Making the Point: Delivering Powerful Communion Meditations

1communion4_JNBy Andy Heisler

Preparing a three-minute Communion meditation has challenges that are unique from crafting a 30-minute sermon or Bible lesson. A sermon speaker or lesson teacher is able to follow the arc of a story, and take time to unpack the meaning of a text. A meditation presenter, on the other hand, has only a few critical moments to engage the congregation and lead them to the foot of the cross. Preparation is critical to crafting a Communion message that hits the mark. Consider the following suggestions:

Make the Point
Being clever or creative is not of greatest importance, and can become a distraction in the short time you have to share.

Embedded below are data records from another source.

(* Let $P_1$ be the uniform distribution on $[0,\frac12]$, let $P_2$ be the uniform distribution on $[\frac12,1]$, and let $P=\frac34P_1+\frac14P_2$. Then the set $$\Big\{\tfrac13\big(\tfrac18(21-\sqrt3)-2\big),\ \tfrac18(21-\sqrt3)-2,\ \tfrac1{24}(21-\sqrt3)\Big\}$$ forms an optimal set of three-means for $P$, with quantization error $V_3=0.00787482$.
   Context: For a finite set $\alpha\subset\mathbb R$, $V(P;\alpha)=\int\min_{a\in\alpha}(x-a)^2\,dP(x)$; $V_n=\inf\{V(P;\alpha):\mathrm{card}(\alpha)\le n\}$; an optimal set of $n$-means is a set $\alpha$ with $\mathrm{card}(\alpha)\le n$ and $V(P;\alpha)=V_n$. The numerical value of $V_3$ is a decimal approximation as given in the source. *)

theory Defs
  imports "HOL-Analysis.Analysis"
begin

definition quant_err :: "real measure \<Rightarrow> real set \<Rightarrow> real" where
  "quant_err P \<alpha> = (\<integral>x. Min ((\<lambda>a. (x - a)^2) ` \<alpha>) \<partial>P)"

text \<open>n-th quantization error V_n: infimum over sets with 1 \<le> card \<le> n (card \<ge> 1 forces finiteness and nonemptiness).\<close>
definition quant_Vn :: "real measure \<Rightarrow> nat \<Rightarrow> real" where
  "quant_Vn P n = (INF \<alpha> \<in> {\<alpha>. 1 \<le> card \<alpha> \<and> card \<alpha> \<le> n}. quant_err P \<alpha>)"

definition optimal_n_means :: "real measure \<Rightarrow> nat \<Rightarrow> real set \<Rightarrow> bool" where
  "optimal_n_means P n \<alpha> \<longleftrightarrow> 1 \<le> card \<alpha> \<and> card \<alpha> \<le> n \<and> quant_err P \<alpha> = quant_Vn P n"

definition P_mix :: "real measure" where
  "P_mix = density lborel (\<lambda>x. ennreal (3/4 * (2 * indicator {0..1/2} x)
                                     + 1/4 * (2 * indicator {1/2..1} x)))"

end

theory Submission
  imports Defs "HOL-Library.Sum_of_Squares"
begin

text \<open>For sorted centres \<open>a1 \<le> a2 \<le> a3\<close> the Voronoi cells are cut at the midpoints, so against
  the density \<open>3/2\<close> on \<open>[0,1/2]\<close> and \<open>1/2\<close> on \<open>[1/2,1]\<close> the quantization error is a piecewise
  cubic polynomial in the centres, and clamping the centres into \<open>[0,1]\<close> can only lower it.
  In the essential configuration (\<open>1/2\<close> lies in the cell of \<open>a2\<close> and \<open>a2 \<le> 1/2\<close>), optimising the
  outer centres for fixed \<open>a2\<close> yields the centroid conditions \<open>3 a1 = a2\<close> and
  \<open>3 (a3 - a2) = 2 (1 - a2)\<close> and leaves the cubic \<open>a2^3/18 + (1/2 - a2)^3/3 + (1 - a2)^3/54\<close>,
  whose minimum on \<open>[0,1/2]\<close> is \<open>(4 - sqrt 3)/288\<close>, attained at \<open>a2 = (5 - sqrt 3)/8\<close>.
  In every other configuration cruder estimates give at least \<open>19/2304 > (4 - sqrt 3)/288\<close>.\<close>

definition mix_dens :: "real \<Rightarrow> real" where
  "mix_dens x = 3/2 * indicator {0..1/2} x + 1/2 * indicator {1/2..1} x"

lemma P_mix_eq_density: "P_mix = density lborel (\<lambda>x. ennreal (mix_dens x))"
  by (simp add: P_mix_def mix_dens_def)

lemma mix_dens_nonneg: "0 \<le> mix_dens x"
  by (simp add: mix_dens_def)

lemma mix_dens_eq_0: "x \<notin> {0..1} \<Longrightarrow> mix_dens x = 0"
  by (auto simp: mix_dens_def)

lemma borel_measurable_mix_dens [measurable]: "mix_dens \<in> borel_measurable borel"
  unfolding mix_dens_def[abs_def] by measurable

lemma integrable_power2_diff_atLeastAtMost:
  fixes a l r :: real
  shows "integrable lborel (\<lambda>x. (x - a)^2 * indicator {l..r} x)"
  by (intro borel_integrable_atLeastAtMost continuous_intros)

lemma integral_power2_diff_atLeastAtMost:
  fixes a l r :: real
  assumes "l \<le> r"
  shows "(\<integral>x. (x - a)^2 * indicator {l..r} x \<partial>lborel) = ((r - a)^3 - (l - a)^3) / 3"
proof -
  have "(\<integral>x. (x - a)^2 * indicator {l..r} x \<partial>lborel) = (r - a)^3 / 3 - (l - a)^3 / 3"
    by (rule integral_FTC_Icc_real[OF assms])
       (auto intro!: derivative_eq_intros continuous_intros simp: power2_eq_square)
  then show ?thesis
    by (simp add: diff_divide_distrib)
qed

Consider whether an illustration or story will distract from, or lead toward, the ultimate point. Be sure that what you share quickly moves to a clear and compelling message of the cross. The remembrance of Christ’s body and blood will never be stale or lacking in power. As Paul indicated, things of great importance are worth repeating (Philippians 3:1).

Make It Simple
If your church is growing and reaching out, you will be speaking to people of many faith stages. Consider the terminology and illustrations you use. Don’t assume your hearers understand theological terms. If you are sharing a less common concept, frame it in a way that helps those who are newer in the faith understand its meaning and impact. The message of the cross should be kept simple and accessible (1 Corinthians 15:3, 4).

Make Every Word Count
Write your meditation in manuscript form, then read and speak through it multiple times. Could concepts be stated more clearly? Could sentences be constructed more concisely? As you hone the meditation, your familiarity with it will increase so you will not be overly tied to your notes when you deliver it.

Make It Personal
Remember to speak as one who has been personally delivered by the message you are sharing. Speak with the passion and amazement of one who has experienced the power of the cross firsthand. By your example, you invite others to revisit their own conversion.

Andy Heisler serves as discipleship minister with Newberg (Oregon) Christian Church.